One preferred method includes inserting a fine metallic wire (e.g., titanium) into the catheter lumen to assist in the initiation of the plasma and/or adding a material such as titanium powder or titanium oxide to the lumen wall to assist in the initiation of the plasma.

One method includes the step of rotating the catheter around its longitudinal axis for a more uniform plasma surface treatment and/or longitudinally translating the catheter for a more uniform external plasma surface treatment. In one example, the microwaves are right-handed circularly polarized and the magnetic field is parallel to the microwave propagation direction. In one example, the microwaves are left-handed circularly polarized and the magnetic field is anti-parallel to the microwave propagation direction.
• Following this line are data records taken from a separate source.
lemma orth_proj_onto_unique:
  assumes "orth_proj_onto P S" "orth_proj_onto Q S" shows "P = Q"
proof -
  have PQ: "P ** Q = Q" and QP: "Q ** P = P"
    using assms by (simp_all add: matrix_eq matrix_vector_mul_assoc[symmetric]
        orth_proj_onto_fixes orth_proj_onto_range)
  have "P = adj (Q ** P)" using QP assms(1) by (simp add: orth_proj_onto_def)
  also have "\<dots> = P ** Q" using assms by (simp add: orth_proj_onto_def adj_mult)
  finally show ?thesis using PQ by simp
qed

lemma psd_mat_1_minus_proj:
  assumes "orth_proj_onto Q S" shows "psd (mat 1 - Q)"
proof -
  have aQ: "adj Q = Q" and QQ: "Q ** Q = Q" using assms by (auto simp: orth_proj_onto_def)
  have "cinn w ((mat 1 - Q) *v w) = cinn ((mat 1 - Q) *v w) ((mat 1 - Q) *v w)" for w
  proof -
    have "cinn (Q *v w) w = cinn w (Q *v w)" using aQ cinn_adj[of w Q w] by simp
    moreover have "cinn (Q *v w) (Q *v w) = cinn w (Q *v w)"
      using aQ QQ cinn_adj[of w Q "Q *v w"] by (simp add: matrix_vector_mul_assoc)
    ultimately show ?thesis
      by (simp add: matrix_vector_mult_diff_rdistrib cinn_diff_left cinn_diff_right)
  qed
  then show ?thesis unfolding psd_def by (simp add: cinn_self)
qed

lemma span2_iff: "y \<in> vec.span {x, x'} \<longleftrightarrow> (\<exists>l m. y = l *s x + m *s x')"
proof
  assume "y \<in> vec.span {x, x'}"
  then obtain k m where "y - k *s x = m *s x'"
    by (auto simp: vec.span_breakdown_eq vec.span_singleton)
  then have "y = k *s x + m *s x'" by (simp add: algebra_simps)
  then show "\<exists>l m. y = l *s x + m *s x'" by blast
next
  assume "\<exists>l m. y = l *s x + m *s x'"
  then obtain l m where "y = l *s x + m *s x'" by blast
  then have "y - l *s x = m *s x'" by simp
  then show "y \<in> vec.span {x, x'}" by (auto simp: vec.span_breakdown_eq vec.span_singleton)
qed

lemma fixes_span2:
  assumes "M *v x = x" "M *v x' = x'" "y \<in> vec.span {x, x'}"
  shows "(M::complex^'n^'n) *v y = y"
  using assms by (auto simp: span2_iff matrix_vector_right_distrib vector_scalar_commute)

lemma support_eqI:
  assumes "\<And>v. P *v v \<in> S" "\<And>s. s \<in> S \<Longrightarrow> P *v s = s" shows "support P = S"
proof
  show "support P \<subseteq> S" using assms(1) by (auto simp: support_def)
  show "S \<subseteq> support P"
  proof
    fix s assume "s \<in> S"
    then have "s = P *v s" using assms(2) by simp
    then show "s \<in> support P" unfolding support_def by (rule image_eqI) simp
  qed
qed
The subject invention also features a polymer catheter pretreated by the method so described. A polymer catheter is pretreated by coating the same with hydrophilic compounds. Hydrophilic compounds include poly ethylene glycol, hyaluronic acid polysaccharides, polyvinyl alcohol, polyisopropyl allylamide, polyvinyl pyrrolidinone, star polymers and/or dendrimers derived from the same. A polymer catheter is also pretreated by coating the same with hydrophobic compounds. Hydrophobic compounds include fluorocarbons, saturated hydrocarbons, and their self assembled monlayers.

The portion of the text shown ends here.